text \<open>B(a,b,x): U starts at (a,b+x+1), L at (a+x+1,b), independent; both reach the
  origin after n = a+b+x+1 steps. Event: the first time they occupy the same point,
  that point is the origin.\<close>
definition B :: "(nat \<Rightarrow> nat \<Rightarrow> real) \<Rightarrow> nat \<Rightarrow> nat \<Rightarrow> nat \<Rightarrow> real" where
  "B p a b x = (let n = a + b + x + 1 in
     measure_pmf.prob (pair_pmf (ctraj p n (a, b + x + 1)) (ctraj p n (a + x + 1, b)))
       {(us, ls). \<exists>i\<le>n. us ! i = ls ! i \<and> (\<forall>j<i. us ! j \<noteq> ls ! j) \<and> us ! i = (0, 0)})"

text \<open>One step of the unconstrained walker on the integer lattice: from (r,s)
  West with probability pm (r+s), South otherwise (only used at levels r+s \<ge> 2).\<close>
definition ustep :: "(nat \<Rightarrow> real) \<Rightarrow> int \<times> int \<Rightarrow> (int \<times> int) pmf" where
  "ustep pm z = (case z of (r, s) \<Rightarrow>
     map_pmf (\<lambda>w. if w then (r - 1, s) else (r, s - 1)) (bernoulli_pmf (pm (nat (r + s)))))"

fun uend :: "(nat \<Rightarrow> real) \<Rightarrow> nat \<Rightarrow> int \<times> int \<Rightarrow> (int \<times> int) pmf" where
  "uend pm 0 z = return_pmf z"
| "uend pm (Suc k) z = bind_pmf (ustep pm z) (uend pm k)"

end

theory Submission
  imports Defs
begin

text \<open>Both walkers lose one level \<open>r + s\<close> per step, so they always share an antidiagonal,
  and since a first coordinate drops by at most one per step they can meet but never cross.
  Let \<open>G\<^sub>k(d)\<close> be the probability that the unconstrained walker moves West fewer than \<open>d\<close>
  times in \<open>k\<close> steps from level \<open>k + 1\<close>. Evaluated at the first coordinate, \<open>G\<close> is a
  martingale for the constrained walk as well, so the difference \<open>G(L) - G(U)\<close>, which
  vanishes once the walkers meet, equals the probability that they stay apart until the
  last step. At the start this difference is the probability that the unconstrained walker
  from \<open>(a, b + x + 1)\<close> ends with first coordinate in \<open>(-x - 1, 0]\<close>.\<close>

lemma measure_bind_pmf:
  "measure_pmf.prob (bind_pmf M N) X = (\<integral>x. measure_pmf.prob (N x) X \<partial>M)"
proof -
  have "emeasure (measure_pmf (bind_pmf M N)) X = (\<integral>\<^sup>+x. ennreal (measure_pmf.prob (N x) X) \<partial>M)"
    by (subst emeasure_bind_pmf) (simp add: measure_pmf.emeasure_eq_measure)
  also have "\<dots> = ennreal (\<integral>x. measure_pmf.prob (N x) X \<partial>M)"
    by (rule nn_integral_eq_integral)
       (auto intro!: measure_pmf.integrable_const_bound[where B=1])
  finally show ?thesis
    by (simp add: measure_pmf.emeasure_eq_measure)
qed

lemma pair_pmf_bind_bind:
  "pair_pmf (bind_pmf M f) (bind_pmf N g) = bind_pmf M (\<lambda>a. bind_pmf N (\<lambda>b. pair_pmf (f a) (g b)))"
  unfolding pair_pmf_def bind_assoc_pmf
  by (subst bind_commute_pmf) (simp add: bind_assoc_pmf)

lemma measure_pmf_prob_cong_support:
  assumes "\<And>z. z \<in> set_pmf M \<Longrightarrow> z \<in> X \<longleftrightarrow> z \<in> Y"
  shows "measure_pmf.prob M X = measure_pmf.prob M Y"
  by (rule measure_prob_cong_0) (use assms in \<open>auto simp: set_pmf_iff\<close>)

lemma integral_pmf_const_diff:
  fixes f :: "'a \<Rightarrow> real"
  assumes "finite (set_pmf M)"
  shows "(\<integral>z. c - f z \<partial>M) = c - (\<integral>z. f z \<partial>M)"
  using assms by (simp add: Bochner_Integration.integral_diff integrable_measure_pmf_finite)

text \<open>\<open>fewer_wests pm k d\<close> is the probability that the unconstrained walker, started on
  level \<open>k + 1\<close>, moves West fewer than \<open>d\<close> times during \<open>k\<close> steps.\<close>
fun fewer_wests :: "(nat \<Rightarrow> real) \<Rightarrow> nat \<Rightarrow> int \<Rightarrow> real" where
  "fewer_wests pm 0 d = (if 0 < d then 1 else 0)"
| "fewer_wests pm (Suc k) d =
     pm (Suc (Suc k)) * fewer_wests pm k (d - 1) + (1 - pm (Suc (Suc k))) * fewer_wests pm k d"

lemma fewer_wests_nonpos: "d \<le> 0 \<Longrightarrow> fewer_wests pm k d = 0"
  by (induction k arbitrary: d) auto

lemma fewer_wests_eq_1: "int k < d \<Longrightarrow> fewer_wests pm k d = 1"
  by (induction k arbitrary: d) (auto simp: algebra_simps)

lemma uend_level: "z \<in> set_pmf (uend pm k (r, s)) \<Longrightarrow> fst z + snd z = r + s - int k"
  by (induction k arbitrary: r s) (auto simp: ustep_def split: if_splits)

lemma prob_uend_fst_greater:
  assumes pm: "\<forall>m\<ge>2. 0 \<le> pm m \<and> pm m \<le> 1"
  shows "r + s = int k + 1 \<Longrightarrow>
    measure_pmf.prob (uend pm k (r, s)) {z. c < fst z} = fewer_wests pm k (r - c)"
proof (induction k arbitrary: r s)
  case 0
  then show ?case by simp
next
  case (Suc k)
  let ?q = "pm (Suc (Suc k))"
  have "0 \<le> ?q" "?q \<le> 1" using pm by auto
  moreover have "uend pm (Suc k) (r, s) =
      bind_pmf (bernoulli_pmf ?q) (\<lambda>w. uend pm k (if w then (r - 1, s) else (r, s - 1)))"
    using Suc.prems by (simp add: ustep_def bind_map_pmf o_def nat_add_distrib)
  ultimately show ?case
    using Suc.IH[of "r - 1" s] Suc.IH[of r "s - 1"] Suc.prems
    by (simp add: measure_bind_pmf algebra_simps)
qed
################
### WHAT THE TASK ASKS
Among the lines of the records above, count those holding the string "ennreal", and report only the number.

### RESPONSE TO THE TASK
2